(Saved entries)
(* Let $(M,d)$ be a metric space and let $F: M \to M$ be nonexpansive with respect to $d$. Let $u \in M$ be a fixed point of $F$ and let $(x^m)_{m\in\mathbb{N}}$ be a sequence in $M$ converging to $u$. Suppose there are constants $\eta, \theta \in (0,1)$, $c > 0$ and $R>0$ such that $$d(F^k(y), u) \le c\,\eta^k \quad\text{for all } y \text{ with } d(y,u)\le R \text{ and all } k\in\mathbb{N},$$ and $$d(F(x^m), x^{m+1}) \le c\,\theta^m \quad \text{for all } m \in \mathbb{N}.$$ Then $$\limsup_{k\to\infty} d(x^k, u)^{1/k} \le \eta^{\lambda} = \theta^{1-\lambda} < 1, \qquad \text{where } \lambda = \frac{\log\theta}{\log\eta + \log\theta}.$$
   Context: $F$ is nonexpansive with respect to $d$ if $d(F(x), F(y)) \le d(x,y)$ for all $x, y \in M$. *)

theory Defs
  imports "HOL-Analysis.Analysis"
begin

definition nonexpansive :: "('a::metric_space \<Rightarrow> 'a) \<Rightarrow> bool" where
  "nonexpansive F \<longleftrightarrow> (\<forall>x y. dist (F x) (F y) \<le> dist x y)"

end

theory Submission
  imports Defs
begin

text \<open>
  Starting from x n, the sequence stays within O(\<theta>^n) of the exact orbit F^k (x n), since
  nonexpansiveness keeps each later perturbation from growing; the exact orbit approaches u
  like \<eta>^k once x n lies in the ball of radius R. Hence d(x (n + k), u) \<le> c \<eta>^k + C \<theta>^n,
  and splitting m = n + k with n \<approx> (1 - \<lambda>) m, k \<approx> \<lambda> m makes both terms of
  order (\<eta> powr \<lambda>)^m = (\<theta> powr (1 - \<lambda>))^m.
\<close>

lemma dist_perturbed_orbit_le:
  fixes F :: "'a::metric_space \<Rightarrow> 'a" and x :: "nat \<Rightarrow> 'a" and c \<theta> :: real
  assumes ne: "nonexpansive F"
    and step: "\<And>m. dist (F (x m)) (x (Suc m)) \<le> c * \<theta> ^ m"
  shows "dist (x (n + k)) ((F ^^ k) (x n)) \<le> (\<Sum>i<k. c * \<theta> ^ (n + i))"
proof (induction k)
  case 0
  then show ?case by simp
next
  case (Suc k)
  have "dist (x (n + Suc k)) ((F ^^ Suc k) (x n))
      \<le> dist (x (Suc (n + k))) (F (x (n + k))) + dist (F (x (n + k))) (F ((F ^^ k) (x n)))"
    by (simp add: dist_triangle)
  also have "\<dots> \<le> c * \<theta> ^ (n + k) + dist (x (n + k)) ((F ^^ k) (x n))"
    using step[of "n + k"] ne by (intro add_mono) (auto simp: dist_commute nonexpansive_def)
  also have "\<dots> \<le> c * \<theta> ^ (n + k) + (\<Sum>i<k. c * \<theta> ^ (n + i))"
    using Suc by simp
  finally show ?case by simp
qed

lemma sum_geometric_tail_le:
  fixes c \<theta> :: real
  assumes "0 \<le> c" "0 \<le> \<theta>" "\<theta> < 1"
  shows "(\<Sum>i<k. c * \<theta> ^ (n + i)) \<le> c / (1 - \<theta>) * \<theta> ^ n"
proof -
  have "(\<Sum>i<k. c * \<theta> ^ (n + i)) = c * \<theta> ^ n * (\<Sum>i<k. \<theta> ^ i)"
    by (simp add: sum_distrib_left power_add mult.assoc)
  also have "(\<Sum>i<k. \<theta> ^ i) = (1 - \<theta> ^ k) / (1 - \<theta>)"
    using assms by (simp add: sum_gp_strict)
  also have "\<dots> \<le> 1 / (1 - \<theta>)"
    using assms by (simp add: divide_right_mono)
  finally show ?thesis using assms by (simp add: mult_left_mono)
qed

lemma balancing_exponent:
  fixes \<eta> \<theta> :: real
  assumes "0 < \<eta>" "\<eta> < 1" "0 < \<theta>" "\<theta> < 1"
  defines "lam \<equiv> ln \<theta> / (ln \<eta> + ln \<theta>)"
  shows "0 < lam" "lam < 1" "\<eta> powr lam = \<theta> powr (1 - lam)" "\<theta> powr (1 - lam) < 1"
proof -
  have ln_neg: "ln \<eta> < 0" "ln \<theta> < 0" using assms by auto
  show "0 < lam" using ln_neg unfolding lam_def by (simp add: divide_neg_neg)
  show lam1: "lam < 1" using ln_neg unfolding lam_def by (simp add: divide_simps)
  have "lam * ln \<eta> = (1 - lam) * ln \<theta>" using ln_neg unfolding lam_def by (simp add: field_simps)
  then show "\<eta> powr lam = \<theta> powr (1 - lam)" using assms by (simp add: powr_def)
  have "(1 - lam) * ln \<theta> < 0" using lam1 ln_neg by (simp add: mult_pos_neg)
  then show "\<theta> powr (1 - lam) < 1" using assms by (simp add: powr_def)
qed

text \<open>The split m = n + k with n = \<lceil>(1 - \<lambda>) m\<rceil> has n \<ge> N0 once m \<ge> N0 / (1 - \<lambda>),
  and loses at most one factor \<eta> in the \<eta>-term through the rounding.\<close>

lemma balanced_geometric_bound:
  fixes d :: "nat \<Rightarrow> real" and \<eta> \<theta> A B :: real
  assumes "0 < \<eta>" "\<eta> < 1" "0 < \<theta>" "\<theta> < 1" "0 \<le> A" "0 \<le> B"
    and split_bound: "\<And>n k. N0 \<le> n \<Longrightarrow> d (n + k) \<le> A * \<eta> ^ k + B * \<theta> ^ n"
  defines "lam \<equiv> ln \<theta> / (ln \<eta> + ln \<theta>)"
  shows "eventually (\<lambda>m. d m \<le> (A / \<eta> + B) * (\<eta> powr lam) ^ m) sequentially"
proof -
  note lam = balancing_exponent[OF assms(1-4), folded lam_def]
  define r where "r = \<eta> powr lam"
  have r0: "r > 0" using assms unfolding r_def by simp
  have "d m \<le> (A / \<eta> + B) * r ^ m" if m_large: "real N0 / (1 - lam) \<le> real m" for m
  proof -
    define n where "n = nat \<lceil>(1 - lam) * m\<rceil>"
    have n_real: "real n = of_int \<lceil>(1 - lam) * m\<rceil>"
      using lam(2) unfolding n_def by simp
    have n_lower: "(1 - lam) * m \<le> real n" and n_upper: "real n < (1 - lam) * m + 1"
      unfolding n_real by (rule le_of_int_ceiling, linarith)
    have "(1 - lam) * m \<le> real m" using lam(1,2) by (intro mult_left_le_one_le) auto
    then have "real n < real (Suc m)" using n_upper by simp
    then have "n \<le> m" by (simp only: of_nat_less_iff less_Suc_eq_le)
    have "real N0 \<le> (1 - lam) * m" using m_large lam(2) by (simp add: pos_divide_le_eq mult.commute)
    then have "N0 \<le> n" using n_lower by (simp only: of_nat_le_iff[symmetric])
    define k where "k = m - n"
    have m_eq: "m = n + k" using \<open>n \<le> m\<close> unfolding k_def by simp
    have "real k = real m - real n" using \<open>n \<le> m\<close> unfolding k_def by (simp add: of_nat_diff)
    then have k_lower: "lam * m - 1 \<le> real k" using n_upper by (simp add: algebra_simps)
    have "\<eta> ^ k = \<eta> powr real k" using assms by (simp add: powr_realpow)
    also have "\<dots> \<le> \<eta> powr (lam * m - 1)" using assms k_lower by (simp add: powr_mono')
    also have "\<dots> = r ^ m / \<eta>" using assms r0 unfolding r_def
      by (simp add: powr_diff powr_powr powr_realpow[symmetric] mult.commute)
    finally have eta_pow: "\<eta> ^ k \<le> r ^ m / \<eta>" .
    have "\<theta> ^ n = \<theta> powr real n" using assms by (simp add: powr_realpow)
    also have "\<dots> \<le> \<theta> powr ((1 - lam) * m)" using assms n_lower by (simp add: powr_mono')
    also have "\<dots> = r ^ m" using assms r0 unfolding r_def lam(3)
      by (simp add: powr_powr powr_realpow[symmetric] mult.commute)
    finally have theta_pow: "\<theta> ^ n \<le> r ^ m" .
    have "d m \<le> A * \<eta> ^ k + B * \<theta> ^ n" using split_bound[OF \<open>N0 \<le> n\<close>] m_eq by simp
    also have "\<dots> \<le> A * (r ^ m / \<eta>) + B * r ^ m"
      using eta_pow theta_pow assms by (intro add_mono mult_left_mono) auto
    finally show ?thesis by (simp add: field_simps)
  qed
  moreover have "eventually (\<lambda>m. real N0 / (1 - lam) \<le> real m) sequentially"
    by (rule eventually_sequentiallyI[of "nat \<lceil>real N0 / (1 - lam)\<rceil>"]) linarith
  ultimately show ?thesis unfolding r_def by (auto elim: eventually_mono)
qed

lemma limsup_root_le_of_geometric_bound:
  fixes a :: "nat \<Rightarrow> real" and K r :: real
  assumes "\<And>m. 0 \<le> a m" "0 < K" "0 < r"
    and "eventually (\<lambda>m. a m \<le> K * r ^ m) sequentially"
  shows "limsup (\<lambda>m. ereal (a m powr (1 / real m))) \<le> ereal r"
proof -
  have "eventually (\<lambda>m. ereal (a m powr (1 / real m)) \<le> ereal (K powr (1 / real m) * r)) sequentially"
    using assms(4) eventually_gt_at_top[of 0]
  proof eventually_elim
    case (elim m)
    have "a m powr (1 / real m) \<le> (K * r ^ m) powr (1 / real m)"
      using elim assms(1) by (simp add: powr_mono2)
    also have "\<dots> = K powr (1 / real m) * r"
      using assms elim by (simp add: powr_mult powr_realpow[symmetric] powr_powr)
    finally show ?case by simp
  qed
  then have "limsup (\<lambda>m. ereal (a m powr (1 / real m)))
      \<le> limsup (\<lambda>m. ereal (K powr (1 / real m) * r))"
    by (rule Limsup_mono)
  also have "\<dots> = ereal r"
  proof (rule lim_imp_Limsup[OF trivial_limit_sequentially])
    have "(\<lambda>m. K powr (1 / real m) * r) \<longlonglongrightarrow> K powr 0 * r"
      using assms(2) by (intro tendsto_intros lim_1_over_n) auto
    then show "(\<lambda>m. ereal (K powr (1 / real m) * r)) \<longlonglongrightarrow> ereal r"
      using assms(2) by (simp add: tendsto_ereal)
  qed
  finally show ?thesis .
qed

theorem mainTheorem12:
  fixes F :: "'a::metric_space \<Rightarrow> 'a" and u :: 'a and x :: "nat \<Rightarrow> 'a"
    and \<eta> \<theta> c R :: real
  assumes "nonexpansive F"
    and "F u = u"
    and "x \<longlonglongrightarrow> u"
    and "0 < \<eta>" "\<eta> < 1" "0 < \<theta>" "\<theta> < 1" "c > 0" "R > 0"
    and "\<And>y k. dist y u \<le> R \<Longrightarrow> dist ((F ^^ k) y) u \<le> c * \<eta> ^ k"
    and "\<And>m. dist (F (x m)) (x (Suc m)) \<le> c * \<theta> ^ m"
  shows "let lam = ln \<theta> / (ln \<eta> + ln \<theta>) in
           limsup (\<lambda>k. ereal (dist (x k) u powr (1 / real k))) \<le> ereal (\<eta> powr lam)
         \<and> \<eta> powr lam = \<theta> powr (1 - lam)
         \<and> \<theta> powr (1 - lam) < 1"
proof -
  obtain N0 where near_u: "\<And>n. N0 \<le> n \<Longrightarrow> dist (x n) u \<le> R"
    using assms(3,9) unfolding LIMSEQ_def by (meson less_imp_le)
  have "dist (x (n + k)) u \<le> c * \<eta> ^ k + c / (1 - \<theta>) * \<theta> ^ n" if "N0 \<le> n" for n k
    using dist_triangle[of "x (n + k)" u "(F ^^ k) (x n)"]
      dist_perturbed_orbit_le[OF assms(1,11), of n k]
      sum_geometric_tail_le[of c \<theta> n k] assms(10)[OF near_u[OF that], of k] assms(6-8)
    by linarith
  then have "eventually (\<lambda>m. dist (x m) u
      \<le> (c / \<eta> + c / (1 - \<theta>)) * (\<eta> powr (ln \<theta> / (ln \<eta> + ln \<theta>))) ^ m) sequentially"
    using assms(4-8) by (intro balanced_geometric_bound) auto
  then have "limsup (\<lambda>k. ereal (dist (x k) u powr (1 / real k)))
      \<le> ereal (\<eta> powr (ln \<theta> / (ln \<eta> + ln \<theta>)))"
    using assms(4-8) by (intro limsup_root_le_of_geometric_bound) (auto intro: add_pos_pos)
  then show ?thesis
    using balancing_exponent[OF assms(4-7)] by (simp add: Let_def)
qed

end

EXERCISE GOAL
Search the entries for the word "dots", then copy every line in which it is found.

WORKED SOLUTION
  also have "\<dots> \<le> c * \<theta> ^ (n + k) + dist (x (n + k)) ((F ^^ k) (x n))"
  also have "\<dots> \<le> c * \<theta> ^ (n + k) + (\<Sum>i<k. c * \<theta> ^ (n + i))"
  also have "\<dots> \<le> 1 / (1 - \<theta>)"
    also have "\<dots> \<le> \<eta> powr (lam * m - 1)" using assms k_lower by (simp add: powr_mono')
    also have "\<dots> = r ^ m / \<eta>" using assms r0 unfolding r_def
    also have "\<dots> \<le> \<theta> powr ((1 - lam) * m)" using assms n_lower by (simp add: powr_mono')
    also have "\<dots> = r ^ m" using assms r0 unfolding r_def lam(3)
    also have "\<dots> \<le> A * (r ^ m / \<eta>) + B * r ^ m"
    also have "\<dots> = K powr (1 / real m) * r"
  also have "\<dots> = ereal r"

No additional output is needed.